# serious picky eater



## BabyHusky (Jul 21, 2008)

so i know about the "creating a picky eater" etc. i've read and have told many people to do the usual "give them food, take it away after 15 minutes, give the exact same one for the next meal time" etc etc.

well...a friend of mine has the pickiest eater I have ever met. she refuses to eat without canned food AND she'll pick out as much as the canned and leave the dry. so I gave my friend the entire "picky eaters are created by their humans" talk and told him what to do. the dog won't eat. out of all the dogs i've owned, taken care of, etc, she is the first that i just cannot figure out with food.

you know how we all say that dogs won't starve themselves? they'll eventually eat? she will not. her ribs are completely sticking out, she looks horribly malnourished and she doesn't have the energy to run around so she just lays there all day and night; still refusing to eat. my friend has taken her to the vet multiple times to have all tests done to see if something is wrong, but apparently, she is completely healthy. just super picky.

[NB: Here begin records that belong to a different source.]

lemma one_le_n_normsq: "1 \<le> real n * normsq U q h n"
proof -
  have "(\<Sum>i=1..n. 1 * bucket_prob U q h i)\<^sup>2 \<le> (\<Sum>i=1..n. 1\<^sup>2) * (\<Sum>i=1..n. (bucket_prob U q h i)\<^sup>2)"
    by (rule Cauchy_Schwarz_ineq_sum)
  then show ?thesis
    using sum_bucket_prob unfolding normsq_def by simp
qed

lemma normsq_pos: "0 < normsq U q h n"
  using one_le_n_normsq normsq_nonneg by (cases "normsq U q h n = 0") auto

lemma normcube_le:
  assumes "25 \<le> n"
  shows "normcube \<le> real n / 5 * (normsq U q h n)\<^sup>2"
proof -
  let ?S2 = "normsq U q h n"
  have "bucket_prob U q h i \<le> sqrt ?S2" if "i \<in> {1..n}" for i
  proof -
    have "(bucket_prob U q h i)\<^sup>2 \<le> ?S2"
      unfolding normsq_def using that by (intro member_le_sum) auto
    then show ?thesis
      using bucket_prob_nonneg real_le_rsqrt by blast
  qed
  then have "bucket_prob U q h i ^ 3 \<le> sqrt ?S2 * (bucket_prob U q h i)\<^sup>2" if "i \<in> {1..n}" for i
    using that mult_right_mono[of "bucket_prob U q h i" "sqrt ?S2" "(bucket_prob U q h i)\<^sup>2"]
    by (simp add: power2_eq_square power3_eq_cube mult.assoc)
  then have "normcube \<le> (\<Sum>i=1..n. sqrt ?S2 * (bucket_prob U q h i)\<^sup>2)"
    unfolding normcube_def by (rule sum_mono)
  also have "\<dots> = sqrt ?S2 * ?S2"
    unfolding normsq_def by (simp add: sum_distrib_left)
  also have "sqrt ?S2 \<le> sqrt (real n) * ?S2"
  proof -
    have "sqrt ?S2 * 1 \<le> sqrt ?S2 * sqrt (real n * ?S2)"
      using one_le_n_normsq normsq_nonneg by (intro mult_left_mono) auto
    also have "\<dots> = sqrt (real n) * ?S2"
      using normsq_nonneg by (simp add: real_sqrt_mult)
    finally show ?thesis by simp
  qed
  also have "sqrt (real n) \<le> real n / 5"
  proof -
    have "5 \<le> sqrt (real n)"
      using assms real_le_rsqrt[of 5 "real n"] by simp
    then have "sqrt (real n) * 5 \<le> sqrt (real n) * sqrt (real n)"
      by (intro mult_left_mono) auto
    then show ?thesis by simp
  qed
  finally show ?thesis
    using normsq_nonneg by (simp add: power2_eq_square mult_right_mono mult.assoc)
qed

lemma real_kcount: "real (kcount h m x i) = (\<Sum>j<m. of_bool (h (x j) = i))"
  unfolding kcount_def by (simp add: Int_def)

lemma collision_eq_sum:
  assumes "x \<in> cube U m" "j < m"
  shows "collision x j l = (\<Sum>i=1..n. of_bool (h (x j) = i) * of_bool (h (x l) = i))"
proof -
  have "h (x j) \<in> {1..n}" using assms h_range by (auto simp: cube_def)
  have "collision x j l = of_bool (h (x l) = h (x j))"
    unfolding collision_def by (simp only: eq_commute)
  also have "\<dots> = (\<Sum>i=1..n. of_bool (h (x j) = i) * of_bool (h (x l) = i))"
    by (rule sum_of_bool_eq_mult[symmetric]) (use \<open>h (x j) \<in> {1..n}\<close> in auto)
  finally show ?thesis .
qed

lemma sum_kcount_collisions:
  assumes "x \<in> cube U m"
  shows "(\<Sum>i=1..n. real (kcount h m x i) * (real (kcount h m x i) - 1)) = (\<Sum>(j, l)\<in>offdiag m. collision x j l)"
proof -
  have "real (kcount h m x i) * (real (kcount h m x i) - 1)
      = (\<Sum>(j, l)\<in>offdiag m. of_bool (h (x j) = i) * of_bool (h (x l) = i))" for i
  proof -
    have "(real (kcount h m x i))\<^sup>2 = (\<Sum>(j, l)\<in>{..<m} \<times> {..<m}. of_bool (h (x j) = i) * of_bool (h (x l) = i))"
      unfolding real_kcount power2_eq_square sum_product sum.cartesian_product ..
    also have "\<dots> = (\<Sum>(j, l)\<in>offdiag m. of_bool (h (x j) = i) * of_bool (h (x l) = i)) + real (kcount h m x i)"
      unfolding sum_square_offdiag_split real_kcount by (simp add: of_bool_conj[symmetric])
    finally show ?thesis
      by (simp add: power2_eq_square algebra_simps)
  qed
  then have "(\<Sum>i=1..n. real (kcount h m x i) * (real (kcount h m x i) - 1))
      = (\<Sum>i=1..n. \<Sum>p\<in>offdiag m. of_bool (h (x (fst p)) = i) * of_bool (h (x (snd p)) = i))"
    by (simp only: split_def)
  also have "\<dots> = (\<Sum>p\<in>offdiag m. \<Sum>i=1..n. of_bool (h (x (fst p)) = i) * of_bool (h (x (snd p)) = i))"
    by (rule sum.swap)
  also have "\<dots> = (\<Sum>(j, l)\<in>offdiag m. collision x j l)"
  proof (intro sum.cong refl, clarify)
    fix j l
    assume "(j, l) \<in> offdiag m"
    then show "(\<Sum>i=1..n. of_bool (h (x (fst (j, l))) = i) * of_bool (h (x (snd (j, l))) = i)) = collision x j l"
      using assms by (subst collision_eq_sum) (auto simp: offdiag_def)
  qed
  finally show ?thesis .
qed

lemma collision_commute: "collision x l j = collision x j l"
  unfolding collision_def by (simp only: eq_commute)

lemma collision_doubleton: "{j, l} = {a, b} \<Longrightarrow> collision x j l = collision x a b"
  by (auto simp: doubleton_eq_iff collision_commute)

lemma expect_bucket_indicators:
  fixes m :: nat
  assumes "J \<subseteq> {..<m}"
  shows "prod_expect {..<m} (\<lambda>x. \<Prod>t\<in>J. of_bool (h (x t) = b t)) = (\<Prod>t\<in>J. bucket_prob U q h (b t))"
  unfolding bucket_prob_eq by (rule prod_expect_prod[OF finite_lessThan assms])

lemma expect_collision:
  assumes "j < m" "l < m" "j \<noteq> l"
  shows "prod_expect {..<m} (\<lambda>x. collision x j l) = normsq U q h n"
proof -
  have "prod_expect {..<m} (\<lambda>x. collision x j l)
      = (\<Sum>i=1..n. prod_expect {..<m} (\<lambda>x. \<Prod>t\<in>{j, l}. of_bool (h (x t) = i)))"
    using assms by (simp add: collision_eq_sum cube_def prod_expect_sum[symmetric] cong: prod_expect_cong)
  also have "\<dots> = (\<Sum>i=1..n. \<Prod>t\<in>{j, l}. bucket_prob U q h i)"
    using assms by (intro sum.cong refl expect_bucket_indicators) auto
  also have "\<dots> = normsq U q h n"
    using assms by (simp add: normsq_def power2_eq_square)
  finally show ?thesis .
qed

lemma expect_collision_shared:
  assumes "j < m" "l < m" "l' < m" "distinct [j, l, l']"
  shows "prod_expect {..<m} (\<lambda>x. collision x j l * collision x j l') = normcube"
proof -
  have "prod_expect {..<m} (\<lambda>x. collision x j l * collision x j l')
      = (\<Sum>i=1..n. prod_expect {..<m} (\<lambda>x. \<Prod>t\<in>{j, l, l'}. of_bool (h (x t) = i)))"
    unfolding prod_expect_sum[symmetric]
  proof (rule prod_expect_cong)
    fix x :: "nat \<Rightarrow> 'a"
    assume "x \<in> {..<m} \<rightarrow>\<^sub>E U"
    then have "h (x j) \<in> {1..n}" using assms(1) h_range by auto
    have "collision x j l * collision x j l' = of_bool (h (x l) = h (x j)) * of_bool (h (x l') = h (x j))"
      unfolding collision_def by (simp only: eq_commute)
    also have "\<dots> = (\<Sum>i=1..n. of_bool (h (x j) = i) * (of_bool (h (x l) = i) * of_bool (h (x l') = i)))"
      by (rule sum_of_bool_eq_mult[symmetric]) (use \<open>h (x j) \<in> {1..n}\<close> in auto)
    also have "\<dots> = (\<Sum>i=1..n. \<Prod>t\<in>{j, l, l'}. of_bool (h (x t) = i))"
      using assms(4) by (intro sum.cong refl) simp
    finally show "collision x j l * collision x j l' = (\<Sum>i=1..n. \<Prod>t\<in>{j, l, l'}. of_bool (h (x t) = i))" .
  qed
  also have "\<dots> = (\<Sum>i=1..n. \<Prod>t\<in>{j, l, l'}. bucket_prob U q h i)"
    using assms by (intro sum.cong refl expect_bucket_indicators) auto
  also have "\<dots> = normcube"
    using assms by (simp add: normcube_def power3_eq_cube mult.assoc)
  finally show ?thesis .
qed

lemma expect_collision_disjoint:
  assumes "j < m" "l < m" "j' < m" "l' < m" "distinct [j, l, j', l']"
  shows "prod_expect {..<m} (\<lambda>x. collision x j l * collision x j' l') = (normsq U q h n)\<^sup>2"
proof -
  let ?b = "\<lambda>i i' t. if t \<in> {j, l} then i else i'"
  have prod4: "(\<Prod>t\<in>{j, l, j', l'}. f t) = f j * f l * (f j' * f l')" for f :: "nat \<Rightarrow> real"
    using assms(5) by (simp add: algebra_simps)
  have "prod_expect {..<m} (\<lambda>x. collision x j l * collision x j' l')
      = (\<Sum>i=1..n. \<Sum>i'=1..n. prod_expect {..<m} (\<lambda>x. \<Prod>t\<in>{j, l, j', l'}. of_bool (h (x t) = ?b i i' t)))"
    unfolding prod_expect_sum[symmetric]
  proof (rule prod_expect_cong)
    fix x
    assume "x \<in> {..<m} \<rightarrow>\<^sub>E U"
    then have x: "x \<in> cube U m" by (simp add: cube_def)
    have "collision x j l * collision x j' l'
        = (\<Sum>i=1..n. of_bool (h (x j) = i) * of_bool (h (x l) = i))
          * (\<Sum>i'=1..n. of_bool (h (x j') = i') * of_bool (h (x l') = i'))"
      unfolding collision_eq_sum[OF x assms(1)] collision_eq_sum[OF x assms(3)] ..
    also have "\<dots> = (\<Sum>i=1..n. \<Sum>i'=1..n. of_bool (h (x j) = i) * of_bool (h (x l) = i)
          * (of_bool (h (x j') = i') * of_bool (h (x l') = i')))"
      by (rule sum_product)
    also have "\<dots> = (\<Sum>i=1..n. \<Sum>i'=1..n. \<Prod>t\<in>{j, l, j', l'}. of_bool (h (x t) = ?b i i' t))"
      unfolding prod4 using assms(5) by (intro sum.cong refl) simp
    finally show "collision x j l * collision x j' l'
      = (\<Sum>i=1..n. \<Sum>i'=1..n. \<Prod>t\<in>{j, l, j', l'}. of_bool (h (x t) = ?b i i' t))" .
  qed
  also have "\<dots> = (\<Sum>i=1..n. \<Sum>i'=1..n. \<Prod>t\<in>{j, l, j', l'}. bucket_prob U q h (?b i i' t))"
    using assms(1-4) by (intro sum.cong refl expect_bucket_indicators) auto
  also have "\<dots> = (normsq U q h n)\<^sup>2"
    using assms(5) unfolding prod4 normsq_def
    by (simp add: power2_eq_square sum_product algebra_simps)
  finally show ?thesis .
qed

he can no longer take her on walks, take her to the dog beach, or even to Petsmart because she doesn't have the strength. he took her to the vet again this morning and the vet actually told him to throw in the towel and give her what she wants or she'll get severely ill. he called me asking what to do, and i'm completely thrown! because of me, he switched her from Purina One to Orijen with merricks as canned toppers. Yes...she will ONLY eat Merricks canned. She is normally a 50lb dog so theres a couple if not a few cans just on their own. Has anyone dealt with this? help? My friend is honestly willing to spend $180 a month of Merrick canned food but he's worried that she'll just change her mind later. he and i both don't want him being her bitch but we're both unsure at this point on what to do.

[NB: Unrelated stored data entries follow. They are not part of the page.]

(* Let $K_1\subset\mathbb C$ and $K_2\subset\mathbb C^m$ be compact sets. Under the identification of $C(K_1\times K_2)$ with $C(K_1,C(K_2))$ given by $F\mapsto (x\mapsto F(x,\cdot))$, we have \[ \overline{\mathcal O}\big(K_1,\overline{\mathcal O}(K_2)\big)\subset\overline{\mathcal O}(K_1\times K_2). \]
   Context: For a compact $K\subset\mathbb C^n$, $\overline{\mathcal O}(K)$ is the closure in $C(K)$ (supremum norm) of restrictions to $K$ of functions holomorphic on some open neighbourhood of $K$. For a planar compact $K_1$ and a Banach space $W$, $C(K_1,W)$ is the Banach space of continuous maps $K_1\to W$ with the supremum norm, and $\overline{\mathcal O}(K_1,W)$ is the closure in $C(K_1,W)$ of the set of (restrictions of) $W$-valued functions holomorphic on some open neighbourhood of $K_1$ in $\mathbb C$. Here $W=\overline{\mathcal O}(K_2)\subset C(K_2)$, so $C(K_1,W)$ is viewed as a subspace of $C(K_1\times K_2)$. *)

theory Defs
  imports "HOL-Analysis.Analysis"
begin

definition holo_vec :: "(complex^'n \<Rightarrow> complex) \<Rightarrow> (complex^'n) set \<Rightarrow> bool" where
  "holo_vec f U \<longleftrightarrow> open U \<and>
     (\<forall>z\<in>U. \<exists>L. (f has_derivative L) (at z) \<and> (\<forall>c v. L (c *s v) = c * L v))"

definition Obar :: "(complex^'n) set \<Rightarrow> (complex^'n \<Rightarrow> complex) set" where
  "Obar K = {g. continuous_on K g \<and>
     (\<forall>\<epsilon>>0. \<exists>U f. K \<subseteq> U \<and> holo_vec f U \<and> (\<forall>x\<in>K. cmod (g x - f x) \<le> \<epsilon>))}"

text \<open>W-valued holomorphic functions, W = Obar K2 with the sup norm over K2:
  H z \<in> W for z \<in> U, and at each z the difference quotients converge
  uniformly on K2 (i.e. in the norm of W) to some element D of W.\<close>

definition holoW :: "(complex^'m) set \<Rightarrow> (complex \<Rightarrow> complex^'m \<Rightarrow> complex) \<Rightarrow> complex set \<Rightarrow> bool" where
  "holoW K2 H U \<longleftrightarrow> open U \<and> (\<forall>z\<in>U. H z \<in> Obar K2) \<and>
     (\<forall>z\<in>U. \<exists>D \<in> Obar K2. uniform_limit K2 (\<lambda>t w. (H (z + t) w - H z w) / t) D (at 0))"

text \<open>\<open>ObarW K1 K2\<close> = Obar(K1, Obar(K2)) \<subseteq> C(K1, Obar(K2)).\<close>

definition ObarW :: "complex set \<Rightarrow> (complex^'m) set \<Rightarrow> (complex \<Rightarrow> complex^'m \<Rightarrow> complex) set" where
  "ObarW K1 K2 = {\<Phi>. (\<forall>x\<in>K1. \<Phi> x \<in> Obar K2) \<and>
     (\<forall>x\<in>K1. uniform_limit K2 (\<lambda>y. \<Phi> y) (\<Phi> x) (at x within K1)) \<and>
     (\<forall>\<epsilon>>0. \<exists>U H. K1 \<subseteq> U \<and> holoW K2 H U \<and>
         (\<forall>x\<in>K1. \<forall>w\<in>K2. cmod (\<Phi> x w - H x w) \<le> \<epsilon>))}"

text \<open>C x C^m = C^{1+m}, coordinates indexed by unit + 'm.\<close>

definition pair_vec :: "complex \<Rightarrow> complex^'m \<Rightarrow> complex^(unit + 'm)" where
  "pair_vec z w = (\<chi> i. case i of Inl _ \<Rightarrow> z | Inr j \<Rightarrow> w $ j)"

end

theory Submission
  imports Defs "HOL-Complex_Analysis.Cauchy_Integral_Formula"
begin
lemma dist_consecutive_iterates_le:
  assumes "k \<ge> 1"
  shows "supnorm (\<lambda>s. x k s - x (k - 1) s) \<le> 4 * supnorm (\<lambda>s. x 0 s - h s) / (real k + 1)"
  using assms
proof (induction k rule: nat_induct_at_least)
  case base
  let ?D = "supnorm (\<lambda>s. x 0 s - h s)" and ?b = "anchor_weight 1"
  show ?case
  proof (rule supnorm_leI)
    fix s
    have "x 1 s - x 0 s = (1 - ?b) * (F (x 0) s - x 0 s)"
      using iterate_anchor_weight[of 1 s] by (simp add: algebra_simps)
    also have "\<bar>\<dots>\<bar> \<le> (1 - ?b) * (2 * ?D)"
      using dist_anchor_image_le[of 0 s] anchor_weight_bounds[of 1]
      by (simp add: abs_mult mult_left_mono)
    also have "\<dots> \<le> 4 * ?D / (real 1 + 1)"
      using supnorm_nonneg[of "\<lambda>s. x 0 s - h s"] by (simp add: anchor_weight_def)
    finally show "\<bar>x 1 s - x (1 - 1) s\<bar> \<le> 4 * ?D / (real 1 + 1)" by simp
  qed
next
  case (Suc n)
  let ?D = "supnorm (\<lambda>s. x 0 s - h s)" and ?b = "anchor_weight n" and ?b' = "anchor_weight (Suc n)"
  show ?case
  proof (rule supnorm_leI)
    fix s
    have "x (Suc n) s - x n s
        = (?b - ?b') * (F (x n) s - x 0 s) + (1 - ?b) * (F (x n) s - F (x (n - 1)) s)"
      using iterate_anchor_weight[of "Suc n" s] iterate_anchor_weight[of n s] Suc.hyps
      by (simp add: algebra_simps)
    also have "\<bar>\<dots>\<bar> \<le> (?b - ?b') * (2 * ?D) + (1 - ?b) * (4 * ?D / (real n + 1))"
      using dist_anchor_image_le[of n s] anchor_weight_antimono[of n] anchor_weight_bounds[of n]
        nonexpansiveD[OF nonexp, of "x n" s "x (n - 1)"] Suc.IH
      by (intro abs_lincomb_le) auto
    also have "\<dots> = ((?b - ?b') * 2 + (1 - ?b) * (4 / (real n + 1))) * ?D"
      by (simp add: algebra_simps)
    also have "\<dots> \<le> 4 / (real (Suc n) + 1) * ?D"
      using anchor_weight_step_ineq[of n] supnorm_nonneg[of "\<lambda>s. x 0 s - h s"]
      by (rule mult_right_mono)
    finally show "\<bar>x (Suc n) s - x (Suc n - 1) s\<bar> \<le> 4 * ?D / (real (Suc n) + 1)" by simp
  qed
qed

lemma residual_le:
  assumes "k \<ge> 1"
  shows "supnorm (\<lambda>s. F (x k) s - x k s) \<le> 8 / (real k + 1) * supnorm (\<lambda>s. x 0 s - h s)"
proof (rule supnorm_leI)
  fix s
  let ?D = "supnorm (\<lambda>s. x 0 s - h s)" and ?b = "anchor_weight k"
  have "F (x k) s - x k s = ?b * (F (x k) s - x 0 s) + (1 - ?b) * (F (x k) s - F (x (k - 1)) s)"
    using iterate_anchor_weight[OF assms, of s] by (simp add: algebra_simps)
  also have "\<bar>\<dots>\<bar> \<le> ?b * (2 * ?D) + (1 - ?b) * (4 * ?D / (real k + 1))"
    using dist_anchor_image_le[of k s] anchor_weight_bounds[of k]
      nonexpansiveD[OF nonexp, of "x k" s "x (k - 1)"] dist_consecutive_iterates_le[OF assms]
    by (intro abs_lincomb_le) auto
  also have "\<dots> = (?b * 2 + (1 - ?b) * (4 / (real k + 1))) * ?D"
    by (simp add: algebra_simps)
  also have "\<dots> \<le> 8 / (real k + 1) * ?D"
    using anchor_weight_residual_ineq[of k] supnorm_nonneg[of "\<lambda>s. x 0 s - h s"]
    by (rule mult_right_mono)
  finally show "\<bar>F (x k) s - x k s\<bar> \<le> 8 / (real k + 1) * ?D" .
qed

end

lemma P_pol_nonneg: "is_mdp P \<Longrightarrow> is_policy \<pi> \<Longrightarrow> P_pol P \<pi> s s' \<ge> 0"
  unfolding P_pol_def is_mdp_def is_policy_def by (auto intro: sum_nonneg)

lemma P_pol_row_sum:
  fixes P :: "'s::finite \<Rightarrow> 'a::finite \<Rightarrow> 's \<Rightarrow> real"
  assumes "is_mdp P" and "is_policy \<pi>"
  shows "(\<Sum>s'\<in>UNIV. P_pol P \<pi> s s') = 1"
proof -
  have "(\<Sum>s'\<in>UNIV. P_pol P \<pi> s s') = (\<Sum>a\<in>UNIV. \<pi> s a * (\<Sum>s'\<in>UNIV. P s a s'))"
    unfolding P_pol_def by (subst sum.swap) (simp add: sum_distrib_left)
  also have "\<dots> = 1"
    using assms by (simp add: is_mdp_def is_policy_def)
  finally show ?thesis .
qed

definition state_expect :: "('s::finite \<Rightarrow> 'a::finite \<Rightarrow> 's \<Rightarrow> real) \<Rightarrow> ('s \<Rightarrow> 'a \<Rightarrow> real)
    \<Rightarrow> 's \<Rightarrow> nat \<Rightarrow> ('s \<Rightarrow> real) \<Rightarrow> real" where
  "state_expect P \<pi> s0 t f = (\<Sum>s\<in>UNIV. state_dist P \<pi> s0 t s * f s)"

edit: he tried raw a few months back and she refused to eat for almost 2 week so he went back to kibble&canned.


----------



## RawFedDogs (Jun 16, 2008)

I have never heard of a dog like this. If it were mine, I'd get her back to a healthy weight and start all over again. NEVER give the dog anything except what has been put down. I wonder if he is giving her snacks or something between the meals she isn't eating. The dog MUST understand that this is the only food she will get and if she doesn't eat it now it will be there next meal and there will be nothing else. You need to get her at a pretty healthy weight first.


----------



## whiteleo (Sep 7, 2008)

For canned toppers, you can't tell me that they tried trippett and the dog won't touch it.! At least get some really healthy toppers to put on her food, if they haven't tried the tripe by trippett, I'd give that one a shot and see if that will at least give some good nutritional value to her meals.l


----------



## BabyHusky (Jul 21, 2008)

yea. i got canned tripe from BG Merrick and she wouldnt eat it. he does not give her any treats or snacks. shes been like this for quite some time now. he just didnt tell me until a few months ago. 

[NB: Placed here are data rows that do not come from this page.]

text \<open>The powers z^0, ..., z^(card B) all lie in the span of B and are therefore
  linearly dependent over \<rat>.\<close>

lemma algebraic_if_mult_preserves_span:
  assumes fin: "finite B" and one: "1 \<in> rat_span.span B"
    and closed: "\<And>b. b \<in> B \<Longrightarrow> z * b \<in> rat_span.span B"
  shows "algebraic z"
proof (cases "inj_on ((^) z) {..card B}")
  case False
  then obtain i j where ij: "i \<noteq> j" "z ^ i = z ^ j"
    unfolding inj_on_def by auto
  define p :: "complex poly" where "p = monom 1 i - monom 1 j"
  have "coeff p i \<noteq> 0" using ij(1) by (simp add: p_def)
  then have "p \<noteq> 0" by auto
  moreover have "poly p z = 0" using ij(2) by (simp add: p_def poly_monom)
  moreover have "coeff p n \<in> \<int>" for n by (simp add: p_def)
  ultimately show ?thesis by (intro algebraicI[of p]) auto
next
  case True
  define S where "S = (^) z ` {..card B}"
  have "z ^ k \<in> rat_span.span B" for k
    by (induct k) (use one span_mult_closed[OF closed] in auto)
  then have "S \<subseteq> rat_span.span B" by (auto simp: S_def)
  moreover have "card B < card S" using True by (simp add: S_def card_image)
  ultimately have "rat_span.dependent S"
    using rat_span.independent_span_bound[OF fin] by fastforce
  then obtain u where u: "\<exists>v\<in>S. u v \<noteq> 0" "(\<Sum>v\<in>S. of_rat (u v) * v) = 0"
    using rat_span.dependent_finite[of S] by (auto simp: S_def)
  define p :: "complex poly" where "p = (\<Sum>k\<le>card B. monom (of_rat (u (z ^ k))) k)"
  have coeff_p: "coeff p n = (if n \<le> card B then of_rat (u (z ^ n)) else 0)" for n
    by (simp add: p_def coeff_sum)
  have "poly p z = (\<Sum>k\<le>card B. of_rat (u (z ^ k)) * z ^ k)"
    by (simp add: p_def poly_sum poly_monom)
  also have "\<dots> = (\<Sum>v\<in>S. of_rat (u v) * v)"
    unfolding S_def by (subst sum.reindex[OF True]) simp
  finally have "poly p z = 0" using u(2) by simp
  moreover from u(1) obtain k where "k \<le> card B" "u (z ^ k) \<noteq> 0" by (auto simp: S_def)
  then have "p \<noteq> 0" using coeff_p[of k] by auto
  moreover have "coeff p n \<in> \<rat>" for n by (simp add: coeff_p)
  ultimately show ?thesis by (intro algebraicI'[of p]) auto
qed

lemma algebraic_power_degree_in_span:
  assumes "algebraic x"
  obtains m where "0 < m" "x ^ m \<in> rat_span.span ((^) x ` {..<m})"
proof -
  obtain p where p: "\<forall>i. coeff p i \<in> \<rat>" "p \<noteq> 0" "poly p x = 0"
    using assms unfolding algebraic_altdef by auto
  define m where "m = degree p"
  have "\<forall>i. \<exists>q. coeff p i = of_rat q" using p(1) by (auto simp: Rats_def)
  then obtain c where c: "\<And>i. coeff p i = of_rat (c i)" by metis
  have "coeff p m \<noteq> 0" using p(2) by (simp add: m_def)
  then have cm: "c m \<noteq> 0" using c by auto
  have "m > 0"
  proof (rule ccontr)
    assume "\<not> m > 0"
    then show False using p(3) \<open>coeff p m \<noteq> 0\<close> by (simp add: poly_altdef m_def)
  qed
  have "0 = (\<Sum>i<Suc m. of_rat (c i) * x ^ i)"
    using p(3) by (simp add: poly_altdef m_def c lessThan_Suc_atMost)
  then have "of_rat (c m) * x ^ m = - (\<Sum>i<m. of_rat (c i) * x ^ i)"
    by (simp add: eq_neg_iff_add_eq_0 add.commute)
  then have "x ^ m = - (\<Sum>i<m. of_rat (c i) * x ^ i) / of_rat (c m)"
    using cm by (simp add: field_simps)
  also have "\<dots> = (\<Sum>i<m. of_rat (- c i / c m) * x ^ i)"
    by (simp add: of_rat_minus of_rat_divide sum_divide_distrib sum_negf)
  also have "\<dots> \<in> rat_span.span ((^) x ` {..<m})"
    by (intro rat_span.span_sum rat_span.span_scale rat_span.span_base) auto
  finally show thesis using \<open>m > 0\<close> that by blast
qed

lemma algebraic_powers_in_span:
  assumes "algebraic x"
  obtains m where "\<And>k. x ^ k \<in> rat_span.span ((^) x ` {..<m})"
proof -
  obtain m where m: "0 < m" "x ^ m \<in> rat_span.span ((^) x ` {..<m})"
    using algebraic_power_degree_in_span[OF assms] by blast
  let ?V = "rat_span.span ((^) x ` {..<m})"
  have shift: "x * b \<in> ?V" if b: "b \<in> (^) x ` {..<m}" for b
  proof -
    obtain i where i: "i < m" "b = x ^ i" using b by blast
    show ?thesis
    proof (cases "Suc i < m")
      case True
      then have "x * b \<in> (^) x ` {..<m}" using i by (metis image_eqI lessThan_iff power_Suc)
      then show ?thesis by (rule rat_span.span_base)
    next
      case False
      then have "m = Suc i" using i(1) by simp
      then show ?thesis using i(2) m(2) by simp
    qed
  qed
  have "x ^ k \<in> ?V" for k
  proof (induct k)
    case 0
    from \<open>m > 0\<close> show ?case by (intro rat_span.span_base image_eqI[of _ _ 0]) auto
  next
    case (Suc k) then show ?case using span_mult_closed[OF shift] by simp
  qed
  then show thesis by (rule that)
qed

shes the most stubborn dog i have ever met. he went to buy a few cases of the Merrick cans to get her to her healthy weight again but we're both a lil worried that she will now know that she won.


----------



## EnglishBullTerriers (Sep 10, 2008)

How much canned is being put on the food???? I there is a ton of it being put on, then reduce the amount greatly. That will reduce the price of the canned for starters. IF Titus gets canned food as a topper, I will ONLY give a table spoon for ~4 cups of food each meal. There really is NO need for any more then that. At that point, you are defeating the purpose of feeding the kibble. 
Have him try just a small dab of the canned with each meal of kibble... A tablespoon or two, no more. Mix it up reallllllly well!!! I mean, mix it like it is a cake going into the oven and you want EVERYTHING covered. That should take care of getting the food eaten, because it is all covered. Then when the dog is back to ideal weight (Or more, hehe!) Then start over again like RFD said. I had to go back and forth with Owen with the beef to keep him from losing too much weight, but still trying to get my point across. Now he will eat beef if I give it to him. I still know that he doesn't like it, but if that is what I have and all he gets to eat, he will still try to fight for a meal or two before understanding that this is not a game and, in the words of my mother, Take it or leave it. 
Keep trying, and dont give up, but keep the dogs health in mind also!  Good luck!


----------



## lorih1770 (Jun 17, 2008)

Has he tried the dry Merrick food with a little warm water on it? Merrick dry food says on the bag if you add water it makes a gravy. Maybe she will eat it like the canned and it'll be less expensive at least. Could it be that she just doesn't like the Orijen? Hard to imagine, mine love Orijen!  Will she eat a different dry food maybe?


----------



## whiteleo (Sep 7, 2008)

BG Merrick and Trippet, completely two different types of food, the Merrick is very watery and mushy, doesn't have the smell most dogs will go crazy for like the trippett, consistency is totally different. The trippett is much denser and has the consistency of most canned dogfood, I've not found a dog yet that won't eat it.


----------



## BabyHusky (Jul 21, 2008)

One canned Merrick is split into 3 to last for 3 meals, so he really does use it as a topper. From what he told me, he was feeding her Purina and cans. But even then, he said she would pick out the wet food only and leave the dry. So he would give her another can. 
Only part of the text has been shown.